Panels from both vehicles buckled, ripping loose and spitting out onto the road. The cable car finally screeched to a halt as the motor home kept speeding in the opposite direction.
“Is everyone okay?” Will shouted.
Howard was too stunned to answer. Gladys nodded and began to laugh. “Okay? I’ve never felt so alive in all my life!”
Will smiled, then glanced ahead to see the black van reach the crest of the hill, brake, and make a sudden turn, as though the driver was acting on a hunch. “Where’s he going?” Gladys asked.
“I don’t know, but wherever it is, that’s where we’re going.”
As the RV hit the top of the hill, Will turned the wheel sharply to follow, then gasped, “Oh, shit!” suddenly regretting the move, trying to spin the wheel out of the turn. But it was too late. He’d missed the signs. Now the almost unmaneuverable 30-foot motor home had just careened nose first down steep, zigzagging Lombard Street.

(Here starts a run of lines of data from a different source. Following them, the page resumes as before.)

lemma has_sum_prod_vanishing_outside:
  fixes f :: "'a \<Rightarrow> 'b::zero \<Rightarrow> real"
  assumes "finite I" "\<And>x. x \<in> I \<Longrightarrow> (f x has_sum s x) UNIV" "\<And>x y. x \<in> I \<Longrightarrow> 0 \<le> f x y"
  shows "((\<lambda>g. \<Prod>x\<in>I. f x (g x)) has_sum (\<Prod>x\<in>I. s x)) (vanishing_outside I)"
  using assms
proof (induction I rule: finite_induct)
  case empty
  have "vanishing_outside {} = {(\<lambda>_. 0) :: 'a \<Rightarrow> 'b}"
    by (auto simp: vanishing_outside_def)
  then show ?case
    using has_sum_finite[of "{\<lambda>_. 0}" "\<lambda>_. 1::real"] by simp
next
  case (insert a I)
  define H where "H = (\<lambda>(g, y). f a y * (\<Prod>x\<in>I. f x (g x)))"
  have inner: "((\<lambda>y. H (g, y)) has_sum s a * (\<Prod>x\<in>I. f x (g x))) UNIV" for g
    unfolding H_def using has_sum_cmult_left[OF insert.prems(1)[of a]] by simp
  have outer: "((\<lambda>g. s a * (\<Prod>x\<in>I. f x (g x))) has_sum s a * (\<Prod>x\<in>I. s x)) (vanishing_outside I)"
    using insert by (intro has_sum_cmult_right) auto
  have "(H has_sum s a * (\<Prod>x\<in>I. s x)) (vanishing_outside I \<times> UNIV)"
    by (rule has_sum_Sigma_nonneg[OF inner outer])
       (use insert.prems(2) in \<open>auto simp: H_def intro!: mult_nonneg_nonneg prod_nonneg\<close>)
  moreover have "H = (\<lambda>p. \<Prod>x\<in>insert a I. f x (((\<lambda>(g, y). g(a := y)) p) x))"
  proof
    fix p
    have "(\<Prod>x\<in>I. f x ((g(a := y)) x)) = (\<Prod>x\<in>I. f x (g x))" for g y
      using insert.hyps by (intro prod.cong) auto
    then show "H p = (\<Prod>x\<in>insert a I. f x (((\<lambda>(g, y). g(a := y)) p) x))"
      using insert.hyps by (simp add: H_def split: prod.split)
  qed
  ultimately have "((\<lambda>p. \<Prod>x\<in>insert a I. f x (((\<lambda>(g, y). g(a := y)) p) x))
      has_sum (\<Prod>x\<in>insert a I. s x)) (vanishing_outside I \<times> UNIV)"
    using insert.hyps by simp
  then show ?case
    by (rule has_sum_reindex_bij_betw[OF bij_betw_vanishing_outside_insert[OF insert.hyps(2)],
          where f="\<lambda>g. \<Prod>x\<in>insert a I. f x (g x)", THEN iffD1])
qed

lemma finite_vanishing_outside_sum_eq:
  assumes "finite I"
  shows "finite {f \<in> vanishing_outside I. sum f I = (N::nat)}"
proof (rule finite_subset[OF _ finite_vanishing_outside_bounded[OF assms, of N]])
  have "f x \<le> sum f I" if "f \<in> vanishing_outside I" for f :: "'a \<Rightarrow> nat" and x
    using that assms by (cases "x \<in> I") (auto simp: vanishing_outside_def intro: member_le_sum)
  then show "{f \<in> vanishing_outside I. sum f I = N} \<subseteq> {f \<in> vanishing_outside I. \<forall>x. f x \<le> N}"
    by auto
qed

lemma sum_vanishing_outside_insert:
  fixes g :: "('a \<Rightarrow> nat) \<Rightarrow> 'c::comm_monoid_add"
  assumes "finite P" "a \<notin> P"
  shows "(\<Sum>f\<in>{f \<in> vanishing_outside (insert a P). sum f (insert a P) = N}. g f)
           = (\<Sum>(m, h)\<in>Sigma {..N} (\<lambda>m. {h \<in> vanishing_outside P. sum h P = N - m}). g (h(a := m)))"
proof (rule sum.reindex_bij_witness[where i="\<lambda>(m, h). h(a := m)" and j="\<lambda>f. (f a, f(a := 0))"])
  fix f assume f: "f \<in> {f \<in> vanishing_outside (insert a P). sum f (insert a P) = N}"
  have "sum (f(a := 0)) P = sum f P"
    using assms by (intro sum.cong) auto
  with f assms show "(f a, f(a := 0)) \<in> Sigma {..N} (\<lambda>m. {h \<in> vanishing_outside P. sum h P = N - m})"
    by (auto simp: vanishing_outside_def)
next
  fix mh assume "mh \<in> Sigma {..N} (\<lambda>m. {h \<in> vanishing_outside P. sum h P = N - m})"
  then obtain m h where mh: "mh = (m, h)" "m \<le> N" and h: "h \<in> vanishing_outside P" "sum h P = N - m"
    by auto
  have "h a = 0"
    using h assms by (auto simp: vanishing_outside_def)
  moreover have "sum (h(a := m)) P = sum h P"
    using assms by (intro sum.cong) auto
  ultimately show "(\<lambda>f. (f a, f(a := 0))) ((\<lambda>(m, h). h(a := m)) mh) = mh"
    and "(\<lambda>(m, h). h(a := m)) mh \<in> {f \<in> vanishing_outside (insert a P). sum f (insert a P) = N}"
    using mh h assms by (auto simp: vanishing_outside_def)
qed auto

The RV didn’t stand a chance of negotiating these hairpin bends.
In a single glance, Will realized that if he attempted a single corner he’d either wedge the RV or be unable to turn at all and crash headlong into one of the houses on the first bend. So instead he did the only thing he could—he turned the wheel straight down the middle of the slope, taking the RV off-road completely and plowing a beeline through the winding curves, churning up the gardens and leaving a trail of destruction.
The black van smoked its brakes at every switchback as it raced down the crooked street. But the RV was gaining fast, thanks to Will’s desperate move. Gladys held on to her safety belt for dear life, while Howard was thrown relentlessly up and down in back.
As the van reached the bottom of the street, the beatenup RV crunched through the last concrete retaining wall, flew into the air, and hurtled into the back of the van, sending it into a spin. In a shroud of burning rubber, the vehicle performed three full revolutions, and for a moment Will thought they had caught them. But the driver of the van regained control and hightailed it down the street.
“Son of a bitch!” Will wiped the sweat from his brow and revved the engine of the RV. It didn’t quite sound the same this time—the motor rattled and clunked.
“You’ve broken it!” Howard hollered from the floor.
“Not yet, I haven’t.” Will put his foot to the floor once more, and the motor home buzzed and sputtered as fast as it could down the street, dragging twisted chunks of metal behind it.
With Gladys navigating, the RV raced as fast as it could through the streets of San Francisco, heading west, then sweeping north toward the Golden Gate Bridge. On the tracking grid of Will’s watch the distance between the RV and the van grew wider and wider until they could no longer see the van through the windshield.